Decided and Entered: June 25, 2020
529529

[*1]The People of the State of New York ex rel. Ezikel Ross, Appellant,

v

Tina M. Stanford, as Chair of the Board of Parole, et al., Respondents.

Calendar Date: May 22, 2020
Before: Garry, P.J., Lynch, Clark, Devine and Reynolds Fitzgerald, JJ.

Ezikel Ross, Stormville, appellant pro se.

Letitia James, Attorney General, Albany (Brian D. Ginsberg of counsel), for respondents.



Garry, P.J.

Appeal from a judgment of the Supreme Court (Ellis, J.), entered May 22, 2019 in Franklin County, which, in a proceeding pursuant to CPLR article 70, granted respondents' motion to dismiss the petition.

In 2008, petitioner was sentenced to a combined prison term of seven years followed by five years of postrelease supervision (hereinafter PRS) upon convictions for sexual abuse in the first degree and assault in the second degree. In March 2015, following the completion of his prison term, he was released to the residential treatment facility at Fishkill Correctional Facility to begin serving his term of PRS (see Correction Law § 73). Thereafter, he was charged by the Department of Corrections and Community Supervision (hereinafter DOCCS) with various violations of the conditions of his PRS.

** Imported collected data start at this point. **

(* Let $i,j$ be positive integers. Write the $\mathcal{L}$-class and the $\hat{\mathcal{A}}$-class as polynomials in the Pontryagin classes, $\mathcal{L}=1+\dots+s_ip_i+\dots+s_jp_j+\dots+s_{i+j}p_{i+j}+\dots+s_{i,j}p_ip_j+\dots$ and $\hat{\mathcal{A}}=1+\dots+a_ip_i+\dots+a_jp_j+\dots+a_{i+j}p_{i+j}+\dots+a_{i,j}p_ip_j+\dots$. Then $s_is_j=s_{i+j}+\lambda s_{i,j}$ and $a_ia_j=a_{i+j}+\lambda a_{i,j}$, where $\lambda=2$ if $i=j$ and $\lambda=1$ if $i\neq j$. Consequently the $2\times 2$ matrix with rows $(s_{i,j},s_{i+j})$ and $(a_{i,j},a_{i+j})$ is non-singular.
   Context: Here $s_k$, $a_k$ denote the coefficients of $p_k$ and $s_{i,j}$, $a_{i,j}$ the coefficients of the monomial $p_ip_j$ in the Hirzebruch $\mathcal{L}$-polynomial and the $\hat{\mathcal{A}}$-polynomial respectively. *)

theory Defs
  imports "HOL-Computational_Algebra.Formal_Power_Series" "HOL-Library.Multiset"
begin

text \<open>Elementary symmetric polynomial e_i in the N variables x 0, ..., x (N-1).
  The Pontryagin class p_i is e_i evaluated at the squares of the formal Chern roots.\<close>
definition esym :: "nat \<Rightarrow> nat \<Rightarrow> (nat \<Rightarrow> real) \<Rightarrow> real" where
  "esym N i x = (\<Sum>S\<in>{S. S \<subseteq> {..<N} \<and> card S = i}. \<Prod>m\<in>S. x m)"
(* Let $d\ge2$, $(S,\mathfrak n,\mathbf k)$ a complete regular local ring with $\mathbf k$ algebraically closed of characteristic not dividing $d$, $0\ne f\in\mathfrak n^2$, and $R^\sharp=S[[z]]/(f+z^d)$; assume $f+z^d$ is irreducible. Let $N$ be a maximal Cohen-Macaulay $R^\sharp$-module and $X\in\mathrm{MF}_S^d(f)$. Then $\mu_{R^\sharp}(N)=\operatorname{rank}_S(N)$ if and only if $N^\flat$ is reduced, and $\mu_{R^\sharp}(X^\sharp)=\operatorname{rank}_S(X^\sharp)$ if and only if $X$ is reduced.
   Context: $\mathrm{MF}_S^d(f)$ is the category of matrix factorizations of $f$ with $d$ factors: $X=(\phi_1:F_2\to F_1,\dots,\phi_d:F_1\to F_d)$ with $F_i$ finitely generated free $S$-modules of equal rank and $\phi_1\cdots\phi_d=f\cdot1_{F_1}$. $X$ is reduced if $\mathrm{Im}\,\phi_k\subseteq\mathfrak nF_k$ for all $k$. A maximal Cohen-Macaulay $R^\sharp$-module is a finitely generated $R^\sharp$-module free over $S$; $\mu_{R^\sharp}$ denotes minimal number of generators. Fix $\mu\in S$ with $\mu^d=-1$. For such $N$ with $\phi:N\to N$ multiplication by $z$, $N^\flat=(\mu\phi,\dots,\mu\phi)$. For $X=(\phi_1,\dots,\phi_d)$, $X^\sharp$ is the $S$-module $F_d\oplus\cdots\oplus F_1$ with $z\cdot(x_d,x_{d-1},\dots,x_1)=(\mu^{-1}\phi_d(x_1),\mu^{-1}\phi_{d-1}(x_d),\dots,\mu^{-1}\phi_1(x_2))$. *)

theory Defs
  imports "Jordan_Normal_Form.Matrix" "HOL-Computational_Algebra.Formal_Power_Series"
    "HOL-Computational_Algebra.Polynomial" "HOL-Computational_Algebra.Factorial_Ring"
    "HOL-Library.Extended_Nat"
begin

definition is_ideal :: "'a::comm_ring_1 set \<Rightarrow> bool" where
  "is_ideal I \<longleftrightarrow> 0 \<in> I \<and> (\<forall>x\<in>I. \<forall>y\<in>I. x + y \<in> I) \<and> (\<forall>r x. x \<in> I \<longrightarrow> r * x \<in> I)"

definition maximal_ideal :: "'a::comm_ring_1 set \<Rightarrow> bool" where
  "maximal_ideal I \<longleftrightarrow> is_ideal I \<and> I \<noteq> UNIV \<and>
     (\<forall>J. is_ideal J \<and> I \<subseteq> J \<longrightarrow> J = I \<or> J = UNIV)"

definition prime_ideal :: "'a::comm_ring_1 set \<Rightarrow> bool" where
  "prime_ideal P \<longleftrightarrow> is_ideal P \<and> P \<noteq> UNIV \<and> (\<forall>a b. a * b \<in> P \<longrightarrow> a \<in> P \<or> b \<in> P)"

definition ideal_gen :: "'a::comm_ring_1 set \<Rightarrow> 'a set" where
  "ideal_gen G = {x. \<exists>c. x = (\<Sum>g\<in>G. c g * g)}"

definition noetherian_ring :: "'a::comm_ring_1 itself \<Rightarrow> bool" where
  "noetherian_ring _ \<longleftrightarrow> (\<forall>I::'a set. is_ideal I \<longrightarrow> (\<exists>G. finite G \<and> G \<subseteq> I \<and> I = ideal_gen G))"

definition local_ring :: "'a::comm_ring_1 itself \<Rightarrow> bool" where
  "local_ring _ \<longleftrightarrow> (\<exists>!m::'a set. maximal_ideal m)"

definition max_ideal :: "'a::comm_ring_1 set" where
  "max_ideal = (THE m. maximal_ideal m)"

definition ideal_prod_set :: "'a::comm_ring_1 set \<Rightarrow> 'a set \<Rightarrow> 'a set" where
  "ideal_prod_set I J = {x. \<exists>(m::nat) a b. (\<forall>i<m. a i \<in> I \<and> b i \<in> J) \<and> x = (\<Sum>i<m. a i * b i)}"

fun ideal_pow :: "'a::comm_ring_1 set \<Rightarrow> nat \<Rightarrow> 'a set" where
  "ideal_pow I 0 = UNIV"
| "ideal_pow I (Suc k) = ideal_prod_set I (ideal_pow I k)"

definition krull_dim :: "'a::comm_ring_1 itself \<Rightarrow> enat" where
  "krull_dim _ = Sup {enat m | m. \<exists>P::nat \<Rightarrow> 'a set.
       (\<forall>i\<le>m. prime_ideal (P i)) \<and> (\<forall>i<m. P i \<subset> P (Suc i))}"
(* Let $D, n \ge 1$, let $t_1, \dots, t_D$ be equally spaced real numbers, and let $\theta = (\theta_1, \theta_2, \theta_3) \in \mathbb{R}^3$ with $l = e^{\theta_1}$, $a^2 = e^{2\theta_2}$, $\sigma^2 = e^{2\theta_3}$. Let $A$ be the $D \times D$ matrix $A_{rs} = a^2 \exp\left(-(t_r - t_s)^2 / l\right)$, let $S$ be the $D\times D$ matrix $S_{rs} = (t_r - t_s)^2 / l$, let $J_n$ be the $n\times n$ all-ones matrix, and let $\hat{C} = \sigma^2 I_{nD} + J_n \otimes A$. Let $Z = (I_D + \sigma^{-2} n A)^{-1}$. For a data vector $X(\tau) \in \mathbb{R}^{nD}$ define $$\log p(X \mid \tau, \theta) = -\tfrac{1}{2} X(\tau)^T \hat{C}^{-1} X(\tau) - \tfrac{1}{2}\log\det \hat{C} - \tfrac{nD}{2}\log 2\pi .$$ Then $$\frac{\partial}{\partial\theta_1}\log p(X \mid \tau, \theta) = \frac{1}{2} X(\tau)^T \left(\sigma^{-4} J_n \otimes \big(Z (A\odot S) Z\big)\right) X(\tau) - \frac{1}{2}\operatorname{tr}\!\left(\hat{C}^{-1} \frac{\partial \hat{C}}{\partial \theta_1}\right),$$ where $$\operatorname{tr}\!\left(\hat{C}^{-1} \frac{\partial \hat{C}}{\partial \theta_1}\right) = \sigma^{-2} n \sum_i (A\odot S)_{ii} - \sigma^{-2} n \sum_{i,j} \left\{(I_D - Z) \odot (A\odot S)\right\}_{ij}.$$
   Context: $\otimes$ is the Kronecker product and $\odot$ the Hadamard (entrywise) product. $X(\tau)$ is the concatenation $(x_1(t_1),\dots,x_1(t_D),\dots,x_n(t_1),\dots,x_n(t_D))$ of $n$ observation vectors of length $D$. The derivative is taken with $X(\tau)$ and $t_1,\dots,t_D$ fixed, with $A$, $\hat C$, $Z$ depending on $\theta$ through $l, a^2, \sigma^2$ as defined. *)

theory Defs
  imports "HOL-Analysis.Analysis"
begin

Following a revocation hearing, an Administrative Law Judge issued a decision, order and judgment in October 2017, sustaining several of the charges, revoking petitioner's PRS, and ordering him to serve the remainder of his PRS term in the custody of DOCCS. In November 2017, petitioner filed a notice of administrative appeal. In December 2017, the Board of Parole Appeals Unit sent a letter to petitioner advising him that his notice of appeal had been accepted and that he was required to perfect the appeal by submitting a supportive brief before a specified deadline in April 2018.[FN1] Petitioner did not timely perfect his appeal, and the Appeals Unit thus dismissed it in May 2018.

In November 2018, petitioner commenced this habeas corpus proceeding pursuant to CPLR article 70 challenging the revocation of his PRS and seeking to be returned to the residential treatment facility for the remainder of his PRS term. Respondents moved to dismiss the petition for failure to exhaust administrative remedies. Supreme Court granted the motion and dismissed the petition. Petitioner appeals.

In February 2020, petitioner reached the maximum expiration date of his PRS term. This Court has been advised that he nevertheless remains in DOCCS custody pursuant to a separate Mental Hygiene Law article 10 proceeding seeking his civil confinement as a dangerous sex offender. Under these circumstances, he is no longer incarcerated pursuant to the judgment that he challenges in this appeal. The article 10 proceeding, rather than this appeal, is the proper forum for any challenge that he may have to his current confinement (see People ex rel. Bourlaye T. v Connolly, 25 NY3d 1054, 1056 [2015]). The relief that petitioner seeks herein — that is, to be returned to the residential treatment facility to complete his term of PRS — is no longer available. As his current confinement cannot be altered by the resolution of the issues presented here, we decline respondents' request to convert this appeal to a proceeding pursuant to CPLR article 78 (see CPLR 103 [c]; compare People ex rel. Turner v Sears, 63 AD3d 1404, 1405 [2009]), and find that the appeal must be dismissed as moot (see People ex rel. Bourlaye T. v Connolly, 25 NY3d at 1056; People ex rel. Kearney v Bartlett, 131 AD3d 1313, 1314 [2015]; People ex rel. Engel v LaClair, 60 AD3d 1263, 1263 [2009]).

Lynch, Clark, Devine and Reynolds Fitzgerald, JJ., concur.

ORDERED that the appeal is dismissed, without costs.

Footnotes

Footnote 1: Petitioner asserts that, on an earlier date in December 2017, he received a letter from the Board of Parole Appeals Unit advising him that his notice of administrative appeal was untimely and that the appeal was closed. Respondents assert that this letter cannot be located in their records, and petitioner does not claim that he did not receive the subsequent letter advising him to the contrary.